The Millennial Star

Stephen Hawking’s Defense of Positivism

In my last post I finished comparing Popper and Kuhn and again concluded that there really isn’t much difference between the two other than on the issue of Scientific Realism vs. Positivism. That is to say, Popper believes that science actually discovers theories closer and closer to the truth whereas Kuhn believes it becomes more useful over time in ways that we humans wish it to be, but that there is not necessarily some underlying truth to be discovered.

In a previous post I previously considered the advantages of Scientific Realism vs. Positivism. (See also here) Both have pros and cons, but Scientific Realism is the clear winner when it comes to generating new conjectures and theories. If one were to solely believe in Positivism one would never actually believe in their own theories enough to think up new questions/problems to solve and test. The end result would be the stagnation of science.

However, this fact aside, does this mean Scientific Realism is actually true and Positivism false?

Hawking’s Defense of a Positivist View of Reality

Recently Hawking wrote a book called The Grand Design. In that book, Hawking makes a number of controversial assertions. The one that got the most press time – don’t you just love the media? – was the claim that the laws of physics are sufficient to create the universe and that God has no role to play. This is, actually, a very interesting point and one that deserves rigorous criticism – which I’ll gladly give it in the future.

But in reality, this wasn’t the most important challenge that Hawking makes. The really big challenge Hawking makes in his book is that Positivism is actually the nature of reality, not Scientific Realism. We saw in this past post that Hawking is a Positivist.

I perceive much in common between Hawking’s and Kuhn’s views. But whereas Kuhn’s concern was from the point of view of a historian – he merely wanted to know how we progress in science – Hawking is an eminent scientist and actually argues that there is no underlying reality for science to find.

In an article in Scientific American (October 2010) Hawking summarizes the arguments he makes in his book. If Hawking is correct, it will have serious consequences for Scientific Realism and for our desires to find a “Theory of Everything.”

Most people believe that there is an objective reality out there and that our senses and our science directly convey information about the material world. Classical science is based on the belief that an external world exists whose properties are definitive and independent of the observer who perceives them. In philosophy, that belief is called realism.

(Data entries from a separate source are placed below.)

fun fvo :: "'o otm \<Rightarrow> var set" where
  "fvo (OV i) = {VO i}"
| "fvo (OC c) = {}"

fun fvt :: "('f, 'o) ttm \<Rightarrow> var set" where
  "fvt (TV i) = {VTi i}"
| "fvt (TNum r) = {}"
| "fvt (TPlus x y) = fvt x \<union> fvt y"
| "fvt (TTimes x y) = fvt x \<union> fvt y"
| "fvt (TUminus x) = fvt x"
| "fvt (TClock f xs) = (\<Union>x\<in>set xs. fvo x)"

fun fva :: "('a, 'f, 'o) atm \<Rightarrow> var set" where
  "fva (AV i) = {VAc i}"
| "fva (AAct A xs) = (\<Union>x\<in>set xs. fvo x)"
| "fva (AWait t) = fvt t"

fun fv :: "('r, 'f, 'a, 'o) fml \<Rightarrow> var set" where
  "fv (OEq x y) = fvo x \<union> fvo y"
| "fv (AEq x y) = fva x \<union> fva y"
| "fv (TEq x y) = fvt x \<union> fvt y"
| "fv (TLess x y) = fvt x \<union> fvt y"
| "fv (TLeq x y) = fvt x \<union> fvt y"
| "fv (Rel R xs) = (\<Union>x\<in>set xs. fvo x)"
| "fv (Neg p) = fv p"
| "fv (Conj p q) = fv p \<union> fv q"
| "fv (ExO i p) = fv p - {VO i}"
| "fv (ExA i p) = fv p - {VAc i}"
| "fv (ExT i p) = fv p - {VTi i}"

section \<open>Basic action theories (the axiom schemata are fixed by the clocked format)\<close>

record ('r, 'f, 'a, 'o) bat =
  rar :: "'r \<Rightarrow> nat"
  far :: "'f \<Rightarrow> nat"     \<comment> \<open>arity (object arguments) of functional fluents (clocks)\<close>
  aar :: "'a \<Rightarrow> nat"
  D0 :: "('r, 'f, 'a, 'o) fml set"   \<comment> \<open>initial sentences, evaluated at S0\<close>
  pre :: "'a \<Rightarrow> ('r, 'f, 'a, 'o) fml"  \<comment> \<open>Poss(A(x_0..x_{n-1}),s) == pre A (object vars 0..n-1)\<close>
  ssaR :: "'r \<Rightarrow> ('r, 'f, 'a, 'o) fml" \<comment> \<open>phi_R(x_0..x_{k-1}, a, s); a is action var 0\<close>
  phiF :: "'f \<Rightarrow> ('r, 'f, 'a, 'o) fml" \<comment> \<open>phi_f(x_0..x_{k-1}, a, s); a is action var 0\<close>
(* Let $\mathcal{N}\in\mathbb{C}^{n\times n}$ be Hermitian positive definite. Then $\Pi(P_\sharp,R_\sharp)=P_\sharp(R_\sharp^*AP_\sharp)^{-1}R_\sharp^*A$ is $\mathcal{N}$-orthogonal if and only if $V_r^*\mathcal{N}V_r$ is CF-block diagonal.
   Context: Let $A,M\in\mathbb{C}^{n\times n}$ be nonsingular with $M^{-1}A$ and $M^{-*}A^*$ diagonalizable. Let $V_r=[\bm v_{r,1},\dots,\bm v_{r,n}]$ and $V_l=[\bm v_{l,1},\dots,\bm v_{l,n}]$ be invertible matrices of right and left generalized eigenvectors of the pencil $(A,M)$, i.e. $AV_r=MV_r\Lambda$ and $V_l^*A=\Lambda V_l^*M$ with $\Lambda=\mathrm{diag}(\lambda_1,\dots,\lambda_n)$, chosen so that $V_l^*AV_r=D_a$ and $V_l^*MV_r=D_m$ are diagonal, and with the eigenvalues ordered so that $|1-\lambda_1|\ge\cdots\ge|1-\lambda_n|\ge0$. Fix $n_c\in\{1,\dots,n\}$, $n_f=n-n_c$. A matrix is CF-block diagonal if it is block diagonal with respect to the partition of indices into $\{1,\dots,n_c\}$ and $\{n_c+1,\dots,n\}$. $P_\sharp,R_\sharp\in\mathbb{C}^{n\times n_c}$ are any matrices with $\mathrm{range}(P_\sharp)=\mathrm{span}\{\bm v_{r,1},\dots,\bm v_{r,n_c}\}$ and $\mathrm{range}(R_\sharp)=\mathrm{span}\{\bm v_{l,1},\dots,\bm v_{l,n_c}\}$. For Hermitian positive definite $\mathcal{N}$, $\langle x,y\rangle_{\mathcal N}=y^*\mathcal N x$; a matrix $Z$ is $\mathcal N$-orthogonal if $\langle Zx,y\rangle_{\mathcal N}=\langle x,Zy\rangle_{\mathcal N}$ for all $x,y$. *)

theory Defs
  imports "Jordan_Normal_Form.Schur_Decomposition"
begin

(* conjugate transpose: mat_adjoint (from Schur_Decomposition); entry (i,j) = cnj (A $$ (j,i)) *)

(* the inverse of a square matrix (meaningful when it is invertible) *)
definition inv_mat :: "complex mat \<Rightarrow> complex mat" where
  "inv_mat B = (SOME C. C \<in> carrier_mat (dim_row B) (dim_row B) \<and> inverts_mat B C \<and> inverts_mat C B)"

definition diagonalizable_mat :: "complex mat \<Rightarrow> bool" where
  "diagonalizable_mat B \<longleftrightarrow> (\<exists>D. diagonal_mat D \<and> similar_mat B D)"

definition diag_of :: "nat \<Rightarrow> (nat \<Rightarrow> complex) \<Rightarrow> complex mat" where
  "diag_of n lam = mat n n (\<lambda>(i,j). if i = j then lam i else 0)"

definition N_inner :: "complex mat \<Rightarrow> complex vec \<Rightarrow> complex vec \<Rightarrow> complex" where
  "N_inner N x y = conjugate y \<bullet> (N *\<^sub>v x)"

definition herm_pos_def :: "nat \<Rightarrow> complex mat \<Rightarrow> bool" where
  "herm_pos_def n N \<longleftrightarrow> N \<in> carrier_mat n n \<and> mat_adjoint N = N \<and>
     (\<forall>x \<in> carrier_vec n. x \<noteq> 0\<^sub>v n \<longrightarrow>
        Im (conjugate x \<bullet> (N *\<^sub>v x)) = 0 \<and> Re (conjugate x \<bullet> (N *\<^sub>v x)) > 0)"

definition N_orthogonal :: "nat \<Rightarrow> complex mat \<Rightarrow> complex mat \<Rightarrow> bool" where
  "N_orthogonal n N Z \<longleftrightarrow>
     (\<forall>x \<in> carrier_vec n. \<forall>y \<in> carrier_vec n. N_inner N (Z *\<^sub>v x) y = N_inner N x (Z *\<^sub>v y))"

(* CF-block diagonal w.r.t. the partition {0..<nc}, {nc..<n} (0-based indices) *)
definition CF_block_diag :: "nat \<Rightarrow> nat \<Rightarrow> complex mat \<Rightarrow> bool" where
  "CF_block_diag n nc B \<longleftrightarrow> B \<in> carrier_mat n n \<and>
     (\<forall>i<n. \<forall>j<n. (i < nc) \<noteq> (j < nc) \<longrightarrow> B $$ (i,j) = 0)"

definition col_range :: "complex mat \<Rightarrow> complex vec set" where
  "col_range P = {P *\<^sub>v x | x. x \<in> carrier_vec (dim_col P)}"

definition first_cols_span :: "complex mat \<Rightarrow> nat \<Rightarrow> complex vec set" where
  "first_cols_span V k = {V *\<^sub>v y | y. y \<in> carrier_vec (dim_col V) \<and> (\<forall>i. k \<le> i \<longrightarrow> i < dim_col V \<longrightarrow> y $ i = 0)}"

definition Pi_proj :: "complex mat \<Rightarrow> complex mat \<Rightarrow> complex mat \<Rightarrow> complex mat" where
  "Pi_proj A P R = P * inv_mat (mat_adjoint R * A * P) * mat_adjoint R * A"

end

(* Write P = Vr X and R = Vl Y with E = diag(I_nc, 0). The range conditions say that X and Y
   live on the first nc coordinates and have full rank there: E X = X, X X' = E and Y' Y = I for
   suitable X', Y'. Since D = Vl^* A Vr is diagonal it commutes with E, so the coarse operator
   R^* A P = Y^* D X satisfies (R^* A P) X' = Y^* D; hence it is invertible and Pi Vr = Vr E.
   N-orthogonality of Pi means Pi^* N = N Pi, which after congruence by Vr becomes E B = B E for
   B = Vr^* N Vr, i.e. B is CF-block diagonal. *)

theory Submission
  imports Defs
begin

lemma mat_adjoint_dim [simp]:
  "dim_row (mat_adjoint A) = dim_col A" "dim_col (mat_adjoint A) = dim_row A"
  unfolding mat_adjoint_def by auto

lemma mat_adjoint_index [simp]:
  "i < dim_col A \<Longrightarrow> j < dim_row A \<Longrightarrow> mat_adjoint A $$ (i,j) = conjugate (A $$ (j,i))"
  unfolding mat_adjoint_def by (simp add: mat_of_rows_index)

lemma mat_adjoint_carrier [simp]: "A \<in> carrier_mat n m \<Longrightarrow> mat_adjoint A \<in> carrier_mat m n"
  by (rule carrier_matI) auto

lemma mat_adjoint_adjoint [simp]: "mat_adjoint (mat_adjoint (A :: 'a :: conjugatable_field mat)) = A"
  by (rule eq_matI) simp_all

lemma mat_adjoint_one [simp]: "mat_adjoint (1\<^sub>m n :: complex mat) = 1\<^sub>m n"
  by (rule eq_matI) simp_all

Those who remember Timothy Leary and the 1960s, however, know of another possibility: one’s concept of reality can depend on the mind of the perceiver. That viewpoint, with various subtle differences, goes by names such as antirealism, instrumentalism or idealism. According to those doctrines, the world we know is constructed by the human mind employing sensory data as its raw material and is shaped by the interpretive structure of our brains. …

The way physics has been going, realism is becoming difficult to defend. (p. 70)

And what does Hawking suggest instead?

Instead we adopt a view that we call model-dependent realism: the idea that a physical theory or world picture is a model (generally of a mathematical nature) and a set of rules that connect the elements of the model to observations. According to model-dependent realism, it is pointless to ask whether a model is real, only where it agrees with observation. (p. 70)

Possible Ramifications To Positivist Universe

If there is only a model-dependent realism to be found, what does that mean for science? For one thing, Hawking argues, we should not expect to find a single “theory of everything.” “It now appears that this quest may yield [in string theory] not a single theory but a family of interconnected theories, each describing its own version of reality…” (p. 70)

Would this really be so bad to find that Kuhn was right after all and that scientific progress does not grow closer to some all encompassing view of reality? [1]

Notes

[1] I confess, I don’t even come close to understanding string theory and it’s ‘family of theories’ well enough to comment on this much. From what I understand, this is a matter of ‘string math’. There were five different mathematical ways to express strings that each turned out to be equivalent to each other. However, each way had certain advantages and disadvantages. The best part about this is that one can flip to the version that is easiest at the moment. Plus, each one eliminates certain kinds of error factors. I can see why this would appeal to a positivist like Hawking. But I’m not sure this really undermines the scientific realist world view either, again showing that both view can be useful, but not necessarily at the same time.

For example, a more recent proposal is that quantum field theory and string theory are one and the same, except that string theory is the 11 dimensional holographic projection of 4 dimensional quantum field theory. (See Brian Greene’s The Hidden Reality). In this view, there is still an underlying reality, it’s just that it can be mathematically viewed from more than one point of view.

To a lesser degree, I’ve noticed this in many aspects of life. We often express the same thing in different ways, often in seemingly opposite ways. For example, I’m convinced that the ‘orthodox’ Christian concept of creation ex nihilo and the Mormon concept of creation from ‘pre-existing matter’ will eventually be forced by the laws of physics into being one and the same concept with each being merely different ways of wording the same thing. But this only turns out to be true if we accept the lawful nature of reality. In other words, both points of view can only both turn out to be true if both accept that they were only approximate concepts of a very more specific set of laws and therefore they weren’t actually mutually exclusive to begin with.